▶ _WHAT THE TASK REQUIRES_:
Each record must reappear in the answer exactly as it is written.
◇ ◇ ◇
lemma borel_measurable_\<xi>: "i \<le> n \<Longrightarrow> \<xi> i \<in> borel_measurable M"
  using measurable_from_filtration adapted by blast

definition cond_var :: "nat \<Rightarrow> 'a \<Rightarrow> real" where
  "cond_var i = real_cond_exp M (F (i - 1)) (\<lambda>\<omega>. (\<xi> i \<omega>)\<^sup>2)"

lemma cond_var_measurable: "cond_var i \<in> borel_measurable (F (i - 1))"
  by (simp add: cond_var_def)

lemma integrable_cond_var: "1 \<le> i \<Longrightarrow> i \<le> n \<Longrightarrow> integrable M (cond_var i)"
  unfolding cond_var_def
  by (rule sigma_finite_subalgebra.real_cond_exp_int(1)[OF sigma_finite_subalgebra_filtration
        integrable_\<xi>_square]) auto

lemma borel_measurable_cond_var: "1 \<le> i \<Longrightarrow> i \<le> n \<Longrightarrow> cond_var i \<in> borel_measurable M"
  using integrable_cond_var by blast

lemma AE_cond_var_nonneg: "1 \<le> i \<Longrightarrow> i \<le> n \<Longrightarrow> AE \<omega> in M. 0 \<le> cond_var i \<omega>"
  unfolding cond_var_def
  by (rule sigma_finite_subalgebra.real_cond_exp_pos[OF sigma_finite_subalgebra_filtration])
    (auto intro: borel_measurable_power borel_measurable_\<xi>)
◇ ◇ ◇
▶ _EXPECTED ANSWER_:
lemma borel_measurable_\<xi>: "i \<le> n \<Longrightarrow> \<xi> i \<in> borel_measurable M"
  using measurable_from_filtration adapted by blast

definition cond_var :: "nat \<Rightarrow> 'a \<Rightarrow> real" where
  "cond_var i = real_cond_exp M (F (i - 1)) (\<lambda>\<omega>. (\<xi> i \<omega>)\<^sup>2)"

lemma cond_var_measurable: "cond_var i \<in> borel_measurable (F (i - 1))"
  by (simp add: cond_var_def)

lemma integrable_cond_var: "1 \<le> i \<Longrightarrow> i \<le> n \<Longrightarrow> integrable M (cond_var i)"
  unfolding cond_var_def
  by (rule sigma_finite_subalgebra.real_cond_exp_int(1)[OF sigma_finite_subalgebra_filtration
        integrable_\<xi>_square]) auto

lemma borel_measurable_cond_var: "1 \<le> i \<Longrightarrow> i \<le> n \<Longrightarrow> cond_var i \<in> borel_measurable M"
  using integrable_cond_var by blast

lemma AE_cond_var_nonneg: "1 \<le> i \<Longrightarrow> i \<le> n \<Longrightarrow> AE \<omega> in M. 0 \<le> cond_var i \<omega>"
  unfolding cond_var_def
  by (rule sigma_finite_subalgebra.real_cond_exp_pos[OF sigma_finite_subalgebra_filtration])
    (auto intro: borel_measurable_power borel_measurable_\<xi>)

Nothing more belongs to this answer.